AIM OF THE TASK: Within the material below, transcribe exactly the lines from the one holding "(fst z)) (fst" through the one holding "using measurable_compose[OF _", keeping both ends and skipping the rest.

--- START ---

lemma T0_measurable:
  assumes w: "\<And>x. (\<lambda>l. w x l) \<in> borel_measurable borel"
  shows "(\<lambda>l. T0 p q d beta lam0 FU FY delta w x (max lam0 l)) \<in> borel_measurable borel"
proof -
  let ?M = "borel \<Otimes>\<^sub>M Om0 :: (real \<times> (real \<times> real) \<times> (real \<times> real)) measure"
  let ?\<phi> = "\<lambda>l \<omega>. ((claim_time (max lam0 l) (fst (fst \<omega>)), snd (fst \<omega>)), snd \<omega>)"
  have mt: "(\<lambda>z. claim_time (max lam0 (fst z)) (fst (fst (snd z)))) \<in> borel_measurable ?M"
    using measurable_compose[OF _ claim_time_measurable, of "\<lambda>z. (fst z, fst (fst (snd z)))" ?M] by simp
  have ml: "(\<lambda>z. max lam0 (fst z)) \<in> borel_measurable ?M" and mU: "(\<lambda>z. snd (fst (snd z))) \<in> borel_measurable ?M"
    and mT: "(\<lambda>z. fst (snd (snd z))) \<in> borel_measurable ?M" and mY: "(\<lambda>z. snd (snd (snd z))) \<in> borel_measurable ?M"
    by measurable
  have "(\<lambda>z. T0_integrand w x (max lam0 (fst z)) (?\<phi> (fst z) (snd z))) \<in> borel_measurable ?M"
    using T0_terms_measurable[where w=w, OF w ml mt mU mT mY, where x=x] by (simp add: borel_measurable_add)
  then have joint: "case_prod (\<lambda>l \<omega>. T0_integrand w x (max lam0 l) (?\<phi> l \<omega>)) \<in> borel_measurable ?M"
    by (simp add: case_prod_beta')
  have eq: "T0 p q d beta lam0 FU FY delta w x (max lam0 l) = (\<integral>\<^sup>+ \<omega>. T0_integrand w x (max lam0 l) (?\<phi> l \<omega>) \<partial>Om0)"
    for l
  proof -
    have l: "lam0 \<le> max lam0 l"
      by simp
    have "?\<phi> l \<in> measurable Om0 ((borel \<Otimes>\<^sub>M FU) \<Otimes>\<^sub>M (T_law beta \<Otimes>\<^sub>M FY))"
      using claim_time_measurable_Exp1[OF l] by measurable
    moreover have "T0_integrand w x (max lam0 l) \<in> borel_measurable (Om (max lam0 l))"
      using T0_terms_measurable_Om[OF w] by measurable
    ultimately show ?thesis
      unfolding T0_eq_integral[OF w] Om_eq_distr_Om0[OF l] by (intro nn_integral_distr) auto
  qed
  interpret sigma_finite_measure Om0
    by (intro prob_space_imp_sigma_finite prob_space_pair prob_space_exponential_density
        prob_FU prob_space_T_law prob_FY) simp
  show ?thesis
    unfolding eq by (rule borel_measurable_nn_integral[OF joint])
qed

--- END ---

RESULT OF THE EXERCISE:
  have mt: "(\<lambda>z. claim_time (max lam0 (fst z)) (fst (fst (snd z)))) \<in> borel_measurable ?M"
    using measurable_compose[OF _ claim_time_measurable, of "\<lambda>z. (fst z, fst (fst (snd z)))" ?M] by simp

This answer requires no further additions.